ZİRAİ İLAÇ BAYİLERİNE YÖNELİK 4 EKİM 2008 TARİHLİ SINAVIN İPTALİ İÇİN AÇTIĞIMIZ DAVADA, BAKANLIĞIN CEVABI

MERKEZ
30.11.2008
 

T.C.
TARIM VE KÖYİŞLERİ BAKANLIĞI
Hukuk Müşavirliği

SAYI. :İD.2008-867/8374

15.10.2008

KONU: TMMOB Ziraat Mühendisleri Odası

ANKARA 3. İDARE MAHKEMESİ BAŞKANLIĞINA

Esas No:2008/1426

CEVAP VEREN (DAVALI): Tarım ve Köyişleri Bakanlığı -ANKARA

KARŞI TARAF (DAVACI): TMMOB Ziraat Mühendisleri Odası

VEKİLİ: Av. Zuhal DÖNMEZ
Bestekar Sok. No:49/5 K.Dere / ANKARA

DAVANIN KONUSU: Davacı oda tarafından, Bitki Koruma Ürünlerinin Toptan ve Perakende Satılması ile Depolanması Hakkında Yönetmeliğin 6.maddesinin I.fıkrasının (ç) bendi uyarınca 04.10.2008 tarihinde yapılacak olan sınavın uygulanmasına ilişkin hususların ve başvuru tarihlerinin belirlendiği 28.09.2008 tarih ve 28291 sayılı işlemin iptali ve yürütmenin durdurulması istenilmektedir.

TEBLİĞ TARİHİ: 06.10.2008

T.KONUSU: Davacının dava dilekçesine karşı cevaplarımızın sunulması ile davanın ve yürütmenin durdurulması talebinin reddi istemimizden ibarettir.

CEVAPLARIMIZ : Davacı tarafından 11.10.2007 tarih ve 26670 sayılı Resmi Gazete‘de yayımlanan Bitki Koruma Ürünlerinin Toptan ve Perakende Satılması ile Depolanması Hakkındaki Yönetmeliğin 6 ncı maddesinin birinci fıkrasının (ç) bendinde belirtilen hüküm uyarınca 04.10.2008 tarihinde Bakanlığımız Koruma ve Kontrol Genel Müdürlüğü ile Milli Eğitim Bakanlığı Eğitim Teknolojileri Genel Müdürlüğü arasında 06.08.2008 tarihinde imzalanan protokol çerçevesinde hazırlanan ve 28.07.2008 tarih ve 028291 sayılı yazımız ile Bakanlığımız 81  İl Müdürlüğüne bildirilen Sınav Takvimi ve Sınav Uygulaması konulu işlemin iptali ve yürütülmesinin durdurulması talep edilmekte ise de, aşağıda arz edeceğimiz nedenlerden dolayı bu taleplerinin reddedilmesi gerekecektir.

Şöyle ki:

Ülkemizdeki bitki koruma ürünü satışı yapan bayi veya toptancılar, zirai mücadele uygulamalarında büyük önem arz etmektedir.

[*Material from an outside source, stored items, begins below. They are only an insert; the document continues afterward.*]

lemma is_poly_mat_uminus_inverse_mult:
  fixes A B C D H :: "'a::field poly mat" and Ainv :: "'a ratfun mat"
  assumes A: "A \<in> carrier_mat n n" and B: "B \<in> carrier_mat n m"
    and C: "C \<in> carrier_mat p n" and D: "D \<in> carrier_mat p m" and H: "H \<in> carrier_mat m k"
    and Ainv: "Ainv \<in> carrier_mat n n" "rat_of_pmat A * Ainv = 1\<^sub>m n"
    and coprime: "right_coprime A C"
    and null: "(rat_of_pmat D + rat_of_pmat C * Ainv * rat_of_pmat B) * rat_of_pmat H = 0\<^sub>m p k"
  shows "is_poly_mat (- (Ainv * rat_of_pmat B * rat_of_pmat H))"
proof -
  obtain X Y where X: "X \<in> carrier_mat n n" and Y: "Y \<in> carrier_mat n p"
    and bezout: "X * A + Y * C = 1\<^sub>m n"
    using coprime A C unfolding right_coprime_def by auto
  have "rat_of_pmat X * rat_of_pmat A + rat_of_pmat Y * rat_of_pmat C = 1\<^sub>m n"
    using arg_cong[OF bezout, of rat_of_pmat] X Y A C
    by (simp add: rat_of_pmat_add[of _ n n] rat_of_pmat_mult[of _ n n] rat_of_pmat_mult[of _ n p]
        rat_of_pmat_one)
  then have "- (Ainv * rat_of_pmat B * rat_of_pmat H) = rat_of_pmat (Y * (D * H) - X * (B * H))"
    using uminus_inverse_mult_eq_of_bezout[of "rat_of_pmat A" n "rat_of_pmat B" m "rat_of_pmat C" p
        "rat_of_pmat D" "rat_of_pmat X" "rat_of_pmat Y" Ainv "rat_of_pmat H" k]
      A B C D X Y H Ainv null
    by (simp add: rat_of_pmat_minus[of _ n k] rat_of_pmat_mult[OF Y mult_carrier_mat[OF D H]]
        rat_of_pmat_mult[OF X mult_carrier_mat[OF B H]] rat_of_pmat_mult[OF D H]
        rat_of_pmat_mult[OF B H])
  then show ?thesis unfolding is_poly_mat_def by metis
qed

lemma right_poly_basis_system_matrix:
  fixes A B C D H1 H2 :: "'a::field poly mat" and Ainv :: "'a ratfun mat"
  assumes A: "A \<in> carrier_mat n n" and B: "B \<in> carrier_mat n m"
    and C: "C \<in> carrier_mat p n" and D: "D \<in> carrier_mat p m" and H2: "H2 \<in> carrier_mat m k"
    and Ainv: "Ainv \<in> carrier_mat n n"
      "Ainv * rat_of_pmat A = 1\<^sub>m n" "rat_of_pmat A * Ainv = 1\<^sub>m n"
    and basis: "right_poly_basis H2 (rat_of_pmat D + rat_of_pmat C * Ainv * rat_of_pmat B)"
    and H1: "rat_of_pmat H1 = - (Ainv * rat_of_pmat B * rat_of_pmat H2)"
  shows "right_poly_basis (H1 @\<^sub>r H2) (rat_of_pmat (four_block_mat A B (- C) D))"
proof -
  let ?P = "four_block_mat (rat_of_pmat A) (rat_of_pmat B) (- rat_of_pmat C) (rat_of_pmat D)"
  have "rat_of_pmat H1 \<in> carrier_mat n k" unfolding H1 using Ainv B H2 by simp
  then have H1_carrier: "H1 \<in> carrier_mat n k" by simp
  have "rat_of_pmat (H1 @\<^sub>r H2) = - (Ainv * rat_of_pmat B * rat_of_pmat H2) @\<^sub>r rat_of_pmat H2"
    using H1 rat_of_pmat_append_rows[OF H1_carrier H2] by simp
  moreover have "rat_of_pmat (four_block_mat A B (- C) D) = ?P"
    using A B C D by (simp add: rat_of_pmat_four_block_mat[of _ n n _ m _ p] rat_of_pmat_uminus)
  moreover have "columns_basis_of (- (Ainv * rat_of_pmat B * rat_of_pmat H2) @\<^sub>r rat_of_pmat H2)
      {x \<in> carrier_vec (n + m). ?P *\<^sub>v x = 0\<^sub>v (n + p)}"
    by (rule columns_basis_of_system_null_space)
      (use A B C D Ainv H2 basis in \<open>auto simp: right_poly_basis_def right_null_space_def\<close>)
  moreover have "H1 @\<^sub>r H2 \<in> carrier_mat (n + m) k"
    using H1_carrier H2 by (rule carrier_append_rows)
  moreover have "?P \<in> carrier_mat (n + p) (n + m)" using A B C D by auto
  ultimately show ?thesis
    using A D unfolding right_poly_basis_def right_null_space_def by auto
qed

Üreticilerin yaklaşık %70‘i bu bayilerden tavsiye almaktadır. Tarımsal ürünlere zarar veren zararlı organizmalar (hastalık, zararlı ve yabancı otlar) bayilerce önce teşhis edilmekte, sonra da bunlara karşı hangi bitki koruma ürünlerini kullanacakları ve bu bitki koruma ürünlerini ne şekilde, nasıl ve hangi dozda v.b. kullanmaları gerektiği hakkında bilgi verilmektedir. Ayrıca Bakanlığımız İl Müdürlüklerine, İlçe Müdürlüklerine ve Araştırma Enstitü Müdürlüklerine gelip teşhisi yapıldıktan sonra da bitki koruma ürünü satın alınmak üzere doğrudan bitki koruma ürünü satan bayilerden bitki koruma ürünlerinin temini mümkün olabilmektedir.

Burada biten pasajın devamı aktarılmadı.